lemma det2_frame_map:
  assumes "dot3 (frame_form p q) a \<noteq> 0" "dot3 (frame_form p q) b \<noteq> 0" "dot3 (frame_form p q) c \<noteq> 0"
  shows "det2 (frame_map p q b - frame_map p q a) (frame_map p q c - frame_map p q a) =
     p * q * (1 - p - q) * det3 a b c /
       (dot3 (frame_form p q) a * dot3 (frame_form p q) b * dot3 (frame_form p q) c)"
proof -
  obtain a1 a2 a3 b1 b2 b3 c1 c2 c3 where abc: "a = (a1, a2, a3)" "b = (b1, b2, b3)" "c = (c1, c2, c3)"
    by (metis prod.exhaust)
  define sa where "sa = (1 - p - q) * a1 + p * a2 + q * a3"
  define sb where "sb = (1 - p - q) * b1 + p * b2 + q * b3"
  define sc where "sc = (1 - p - q) * c1 + p * c2 + q * c3"
  have s: "dot3 (frame_form p q) a = sa" "dot3 (frame_form p q) b = sb" "dot3 (frame_form p q) c = sc"
    by (simp_all add: abc dot3_def frame_form_def sa_def sb_def sc_def)
  have nz: "sa \<noteq> 0" "sb \<noteq> 0" "sc \<noteq> 0" using assms s by simp_all
  have "det2 (frame_map p q b - frame_map p q a) (frame_map p q c - frame_map p q a) =
    (p * b2 / sb - p * a2 / sa) * (q * c3 / sc - q * a3 / sa)
      - (q * b3 / sb - q * a3 / sa) * (p * c2 / sc - p * a2 / sa)"
    unfolding frame_map_def s by (simp add: det2_def abc)
  also have "\<dots> = p * q * ((b2 * sa - a2 * sb) * (c3 * sa - a3 * sc)
      - (b3 * sa - a3 * sb) * (c2 * sa - a2 * sc)) / (sa * sa * sb * sc)"
    using nz by (simp add: field_simps)
  also have "(b2 * sa - a2 * sb) * (c3 * sa - a3 * sc) - (b3 * sa - a3 * sb) * (c2 * sa - a2 * sc)
     = sa * ((1 - p - q) * det3 a b c)"
    by (simp add: abc det3_def sa_def sb_def sc_def) algebra
  finally have h: "det2 (frame_map p q b - frame_map p q a) (frame_map p q c - frame_map p q a) =
      p * q * (sa * ((1 - p - q) * det3 a b c)) / (sa * sa * sb * sc)" .
  show ?thesis unfolding s h using nz by (simp add: field_simps)
qed

text \<open>Closure under intersections of distinct lines u1u2 and u3u4, restricted to the affine chart
  where the linear form \<sigma> does not vanish.\<close>
definition proj_meet_closed :: "v3 set \<Rightarrow> v3 \<Rightarrow> bool" where
  "proj_meet_closed V \<sigma> \<longleftrightarrow> (\<forall>u1\<in>V. \<forall>u2\<in>V. \<forall>u3\<in>V. \<forall>u4\<in>V. \<forall>w.
     dot3 \<sigma> w \<noteq> 0 \<longrightarrow> det3 u1 u2 w = 0 \<longrightarrow> det3 u3 u4 w = 0 \<longrightarrow>
     (det3 u1 u2 u3 \<noteq> 0 \<or> det3 u1 u2 u4 \<noteq> 0) \<longrightarrow> (det3 u3 u4 u1 \<noteq> 0 \<or> det3 u3 u4 u2 \<noteq> 0) \<longrightarrow>
     w \<in> V)"

lemma proj_meet_closedD:
  assumes "proj_meet_closed V \<sigma>" "u1 \<in> V" "u2 \<in> V" "u3 \<in> V" "u4 \<in> V" "dot3 \<sigma> w \<noteq> 0"
    "det3 u1 u2 w = 0" "det3 u3 u4 w = 0"
    "det3 u1 u2 u3 \<noteq> 0 \<or> det3 u1 u2 u4 \<noteq> 0" "det3 u3 u4 u1 \<noteq> 0 \<or> det3 u3 u4 u2 \<noteq> 0"
  shows "w \<in> V"
  using assms unfolding proj_meet_closed_def by blast

lemma proj_meet_closed_frame_map:
  assumes "meet_closed E" "p * q * (1 - p - q) \<noteq> 0"
  shows "proj_meet_closed {v. dot3 (frame_form p q) v \<noteq> 0 \<and> frame_map p q v \<in> E} (frame_form p q)"
  unfolding proj_meet_closed_def
proof (intro ballI allI impI)
  let ?\<phi> = "frame_map p q"
  fix u1 u2 u3 u4 w
  assume "u1 \<in> {v. dot3 (frame_form p q) v \<noteq> 0 \<and> ?\<phi> v \<in> E}"
     "u2 \<in> {v. dot3 (frame_form p q) v \<noteq> 0 \<and> ?\<phi> v \<in> E}"
     "u3 \<in> {v. dot3 (frame_form p q) v \<noteq> 0 \<and> ?\<phi> v \<in> E}"
     "u4 \<in> {v. dot3 (frame_form p q) v \<noteq> 0 \<and> ?\<phi> v \<in> E}"
  then have s: "dot3 (frame_form p q) u1 \<noteq> 0" "dot3 (frame_form p q) u2 \<noteq> 0"
      "dot3 (frame_form p q) u3 \<noteq> 0" "dot3 (frame_form p q) u4 \<noteq> 0"
    and inE: "?\<phi> u1 \<in> E" "?\<phi> u2 \<in> E" "?\<phi> u3 \<in> E" "?\<phi> u4 \<in> E" by auto
  assume w: "dot3 (frame_form p q) w \<noteq> 0"
    and d: "det3 u1 u2 w = 0" "det3 u3 u4 w = 0"
    and nd: "det3 u1 u2 u3 \<noteq> 0 \<or> det3 u1 u2 u4 \<noteq> 0" "det3 u3 u4 u1 \<noteq> 0 \<or> det3 u3 u4 u2 \<noteq> 0"
  have z: "det2 (?\<phi> b - ?\<phi> a) (?\<phi> c - ?\<phi> a) = 0 \<longleftrightarrow> det3 a b c = 0"
    if "dot3 (frame_form p q) a \<noteq> 0" "dot3 (frame_form p q) b \<noteq> 0" "dot3 (frame_form p q) c \<noteq> 0"
    for a b c
    using that assms(2) by (simp add: det2_frame_map)
  have "?\<phi> w \<in> E"
    by (rule meet_closed_mem_two_lines[OF assms(1) inE])
      (use z[OF s(1,2) w] z[OF s(3,4) w] z[OF s(1,2,3)] z[OF s(1,2,4)] z[OF s(3,4,1)] z[OF s(3,4,2)]
        d nd in simp_all)
  then show "w \<in> {v. dot3 (frame_form p q) v \<noteq> 0 \<and> ?\<phi> v \<in> E}" using w by simp
qed

lemma proj_meet_closed_vimage:
  assumes "proj_meet_closed V \<sigma>" "\<And>a b c. det3 (F a) (F b) (F c) = k * det3 a b c" "k \<noteq> 0"
    "\<And>v. dot3 \<sigma> (F v) = dot3 \<sigma>' v"
  shows "proj_meet_closed (F -` V) \<sigma>'"
  unfolding proj_meet_closed_def
proof (intro ballI allI impI)
  fix u1 u2 u3 u4 w
  assume "u1 \<in> F -` V" "u2 \<in> F -` V" "u3 \<in> F -` V" "u4 \<in> F -` V" "dot3 \<sigma>' w \<noteq> 0"
    "det3 u1 u2 w = 0" "det3 u3 u4 w = 0"
    "det3 u1 u2 u3 \<noteq> 0 \<or> det3 u1 u2 u4 \<noteq> 0" "det3 u3 u4 u1 \<noteq> 0 \<or> det3 u3 u4 u2 \<noteq> 0"
  then show "w \<in> F -` V"
    using proj_meet_closedD[OF assms(1), of "F u1" "F u2" "F u3" "F u4" "F w"] assms(2-4) by simp
qed

lemma proj_meet_closed_lin3:
  assumes "proj_meet_closed V \<sigma>" "det3 g1 g2 g3 \<noteq> 0"
  shows "proj_meet_closed (lin3 g1 g2 g3 -` V) (dot3 \<sigma> g1, dot3 \<sigma> g2, dot3 \<sigma> g3)"
  using proj_meet_closed_vimage[OF assms(1) det3_lin3 assms(2) dot3_lin3] .

section \<open>Density of closed meet-closed sets\<close>

text \<open>In the standard frame, intersections of lines produce every positive integer point.\<close>
locale proj_frame =
  fixes V :: "v3 set" and \<sigma> :: v3
  assumes closed: "proj_meet_closed V \<sigma>" and pos: "pos3 \<sigma>"
    and basis: "(1, 0, 0) \<in> V" "(0, 1, 0) \<in> V" "(0, 0, 1) \<in> V" and unit: "(1, 1, 1) \<in> V"
begin

lemma dot3_nonneg_ne_0:
  assumes "a \<ge> 0" "b \<ge> 0" "c \<ge> 0" "a + b + c > 0"
  shows "dot3 \<sigma> (a, b, c) \<noteq> 0"
proof -
  have "fst \<sigma> * a \<ge> 0" "fst (snd \<sigma>) * b \<ge> 0" "snd (snd \<sigma>) * c \<ge> 0"
    using assms pos by (simp_all add: pos3_def)
  moreover consider "a > 0" | "b > 0" | "c > 0" using assms by linarith
  then have "fst \<sigma> * a > 0 \<or> fst (snd \<sigma>) * b > 0 \<or> snd (snd \<sigma>) * c > 0"
    by cases (use pos in \<open>simp_all add: pos3_def\<close>)
  ultimately show ?thesis by (auto simp: dot3_def)
qed

lemma swap12: "proj_frame (lin3 (0, 1, 0) (1, 0, 0) (0, 0, 1) -` V) (fst (snd \<sigma>), fst \<sigma>, snd (snd \<sigma>))"
proof
  show "proj_meet_closed (lin3 (0, 1, 0) (1, 0, 0) (0, 0, 1) -` V) (fst (snd \<sigma>), fst \<sigma>, snd (snd \<sigma>))"
    using proj_meet_closed_lin3[OF closed, of "(0, 1, 0)" "(1, 0, 0)" "(0, 0, 1)"]
    by (simp add: det3_def dot3_def)
qed (use pos basis unit in \<open>simp_all add: pos3_def lin3_def\<close>)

## Exercise brief
Return the entries above unchanged, starting at the first line and stopping after the line with "s by simp_all".

## Result
lemma det2_frame_map:
  assumes "dot3 (frame_form p q) a \<noteq> 0" "dot3 (frame_form p q) b \<noteq> 0" "dot3 (frame_form p q) c \<noteq> 0"
  shows "det2 (frame_map p q b - frame_map p q a) (frame_map p q c - frame_map p q a) =
     p * q * (1 - p - q) * det3 a b c /
       (dot3 (frame_form p q) a * dot3 (frame_form p q) b * dot3 (frame_form p q) c)"
proof -
  obtain a1 a2 a3 b1 b2 b3 c1 c2 c3 where abc: "a = (a1, a2, a3)" "b = (b1, b2, b3)" "c = (c1, c2, c3)"
    by (metis prod.exhaust)
  define sa where "sa = (1 - p - q) * a1 + p * a2 + q * a3"
  define sb where "sb = (1 - p - q) * b1 + p * b2 + q * b3"
  define sc where "sc = (1 - p - q) * c1 + p * c2 + q * c3"
  have s: "dot3 (frame_form p q) a = sa" "dot3 (frame_form p q) b = sb" "dot3 (frame_form p q) c = sc"
    by (simp_all add: abc dot3_def frame_form_def sa_def sb_def sc_def)
  have nz: "sa \<noteq> 0" "sb \<noteq> 0" "sc \<noteq> 0" using assms s by simp_all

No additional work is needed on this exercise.